* What to produce
Look through the entries below and report every line that has "within".

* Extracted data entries
(* Let $\phi:\mathbb{R}_+\to\mathbb{R}_+$ be a non-negative continuous function and $d\nu(r)=\phi(r)\,dr$ the corresponding Borel measure on $\mathbb{R}_+$. Let $I$ be a non-negative function on $\mathbb{R}_+$ such that: (i) for some constant $C>0$ and all $a,b\ge0$, $C\,I(ab)\le bI(a)+aI(b)$; (ii) $I$ is a concave lower isoperimetric function for $\nu$. Then for every non-negative continuously differentiable function $f$ on $\mathbb{R}_+$ with bounded support, $$C\,I\Big(\int_{\mathbb{R}_+}f\,d\nu\Big)\le\int_{\mathbb{R}_+}I(f)\,d\nu+\int_{\mathbb{R}_+}|f'|\,d\nu.$$
   Context: $\mathbb{R}_+=[0,\infty)$ with the metric $|x-y|$. For a Borel set $A\subset\mathbb{R}_+$, $\nu^+(A)=\liminf_{r\to0^+}\frac{\nu(A^r)-\nu(A)}{r}$, where $A^r=\{x\in\mathbb{R}_+:\operatorname{dist}(x,A)<r\}$. A function $J$ is a lower isoperimetric function for $\nu$ if $\nu^+(A)\ge J(\nu(A))$ for every Borel set $A\subset\mathbb{R}_+$. *)

theory Defs
  imports "HOL-Analysis.Analysis" "HOL-Probability.Probability"
begin

definition nu_measure :: "(real \<Rightarrow> real) \<Rightarrow> real measure" where
  "nu_measure \<phi> = density (restrict_space lborel {0..}) (\<lambda>x. ennreal (\<phi> x))"

definition r_nbhd :: "real set \<Rightarrow> real \<Rightarrow> real set" where
  "r_nbhd A r = {x. 0 \<le> x \<and> (\<exists>a\<in>A. \<bar>x - a\<bar> < r)}"

definition boundary_measure :: "real measure \<Rightarrow> real set \<Rightarrow> ereal" where
  "boundary_measure M A =
     Liminf (at_right (0::real))
       (\<lambda>r. (enn2ereal (emeasure M (r_nbhd A r)) - enn2ereal (emeasure M A)) / ereal r)"

text \<open>J is a lower isoperimetric function for M: nu^+(A) \<ge> J(nu(A)) for every Borel A \<subseteq> R_+
  (of finite measure, so that J(nu(A)) is defined).\<close>
definition lower_isoperimetric :: "real measure \<Rightarrow> (real \<Rightarrow> real) \<Rightarrow> bool" where
  "lower_isoperimetric M J \<longleftrightarrow>
     (\<forall>A\<in>sets M. emeasure M A < \<infinity> \<longrightarrow>
        boundary_measure M A \<ge> ereal (J (enn2real (emeasure M A))))"

end

theory Submission
  imports Defs
begin

text \<open>
  Put \<open>u = \<integral> f d\<nu>\<close> and \<open>m(t) = \<nu>{f > t}\<close>, so that \<open>u = \<integral>\<^sub>0\<^sup>\<infinity> m(t) dt\<close> (layer cake).
  Hypothesis (i) with \<open>a = u/m(t)\<close>, \<open>b = m(t)\<close> splits the integrand level by level:
  \<open>C I(u) m(t)/u \<le> m(t) \<cdot> (m(t)/u) I(u/m(t)) + I(m(t))\<close>.
  After integration in \<open>t\<close>, the first term is at most \<open>\<integral> I(f) d\<nu>\<close>: by Tonelli it equals
  \<open>\<integral> G(f(x)) d\<nu>(x)\<close> with \<open>G(y) = \<integral>\<^sub>0\<^sup>y (m/u) I(u/m) dt\<close>, and bounding \<open>I\<close> by its supporting
  line at \<open>y\<close> gives \<open>G(y) \<le> I(y)\<close>. The second term is at most \<open>\<integral> |f'| d\<nu>\<close> by a coarea
  argument: \<open>I(m(t)) \<le> \<nu>\<^sup>+{f > t}\<close>, passing from \<open>{f > t}\<close> to its \<open>r\<close>-neighbourhood only adds
  points with \<open>f(x) \<le> t < f(x) + r (|f'(x)| + \<epsilon>)\<close>, and Fatou's lemma with Tonelli gives
  \<open>\<integral> \<nu>\<^sup>+{f > t} dt \<le> \<integral> (|f'| + \<epsilon>) d\<nu>\<close>.
\<close>

lemma Liminf_filter_antimono:
  fixes f :: "'a \<Rightarrow> 'b::complete_lattice"
  assumes "F \<le> G"
  shows "Liminf G f \<le> Liminf F f"
  unfolding Liminf_def by (rule SUP_subset_mono) (auto intro: filter_leD[OF assms])

lemma open_Rats_right:
  fixes S :: "real set"
  assumes "open S" "y \<in> S"
  obtains q where "q \<in> \<rat>" "y < q" "q \<in> S"
proof -
  obtain e where "0 < e" "ball y e \<subseteq> S" using assms openE by blast
  moreover obtain q where "q \<in> \<rat>" "y < q" "q < y + e" using Rats_dense_in_real[of y "y + e"] \<open>0 < e\<close> by auto
  moreover have "q \<in> ball y e" using \<open>y < q\<close> \<open>q < y + e\<close> by (simp add: dist_real_def)
  ultimately show ?thesis using that by blast
qed

lemma continuous_on_max0_compose:
  assumes "continuous_on {0..} g"
  shows "continuous_on UNIV (\<lambda>x::real. g (max 0 x))"
proof -
  have "continuous_on UNIV (\<lambda>x::real. max 0 x)" by (intro continuous_intros)
  thus ?thesis by (rule continuous_on_compose2[OF assms]) auto
qed

lemma mvt_half_line:
  fixes f f' :: "real \<Rightarrow> real"
  assumes "\<And>x. 0 \<le> x \<Longrightarrow> (f has_real_derivative f' x) (at x within {0..})" "0 \<le> x" "0 \<le> y"
  obtains z where "min x y \<le> z" "z \<le> max x y" "f y - f x = f' z * (y - x)"
proof -
  have mvt: "\<exists>z\<in>{a..b}. f b - f a = f' z * (b - a)" if "0 \<le> a" "a \<le> b" for a b
  proof -
    have "(f has_derivative (\<lambda>h. f' z * h)) (at z within {a..b})" if "a \<le> z" "z \<le> b" for z
      using assms(1)[of z] \<open>0 \<le> a\<close> that unfolding has_field_derivative_def
      by (auto intro: has_derivative_subset)
    from mvt_very_simple[OF \<open>a \<le> b\<close> this] show ?thesis by simp
  qed
  show ?thesis
  proof (cases "x \<le> y")
    case True thus ?thesis using mvt[OF assms(2) True] that by auto
  next
    case False
    then obtain z where "z \<in> {y..x}" "f x - f y = f' z * (x - y)" using mvt[OF assms(3), of x] by auto
    thus ?thesis using that[of z] False by (auto simp: algebra_simps)
  qed
qed
(* Let $G$ be a concurrent game structure, $T\subseteq S$, with all states of $T\cup W_2$ absorbing. Let $\xi_1^{\mathrm{unif}}$ be the player-1 selector that at every state $s\in S\setminus(T\cup W_2)$ chooses all moves in $\Gamma_1(s)$ uniformly at random. Then $\xi_1^{\mathrm{unif}}$ is proper.
   Context: Concurrent game structure $G=(S,M,\Gamma_1,\Gamma_2,\delta)$: finite states $S$, finite moves $M$, nonempty move sets $\Gamma_i(s)\subseteq M$, transition probabilities $\delta(s,a_1,a_2)\in\mathrm{Distr}(S)$ (moves chosen simultaneously and independently). A state is absorbing if every move pair leads back to it with probability 1. A selector for player $i$ assigns to each state $s$ a distribution on $\Gamma_i(s)$; $\overline{\xi}$ is the memoryless strategy playing $\xi$ at every step. $\Pr_s^{\pi_1,\pi_2}$ is the measure on plays from $s$ induced by strategies $\pi_1,\pi_2$. $\mathrm{Reach}(X)$: plays visiting $X$. $\mathrm{val}_1(\mathrm{Reach}(T))(s)=\sup_{\pi_1}\inf_{\pi_2}\Pr_s^{\pi_1,\pi_2}(\mathrm{Reach}(T))$, $W_2=\{s:\mathrm{val}_1(\mathrm{Reach}(T))(s)=0\}$. A player-1 strategy $\pi_1$ is proper if for every player-2 strategy $\pi_2$ and all $s\in S\setminus(T\cup W_2)$, $\Pr_s^{\pi_1,\pi_2}(\mathrm{Reach}(T\cup W_2))=1$; a selector $\xi_1$ is proper if $\overline{\xi}_1$ is proper. *)

theory Defs
  imports "HOL-Probability.Probability"
begin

* Answer section
  assumes "\<And>x. 0 \<le> x \<Longrightarrow> (f has_real_derivative f' x) (at x within {0..})" "0 \<le> x" "0 \<le> y"
    have "(f has_derivative (\<lambda>h. f' z * h)) (at z within {a..b})" if "a \<le> z" "z \<le> b" for z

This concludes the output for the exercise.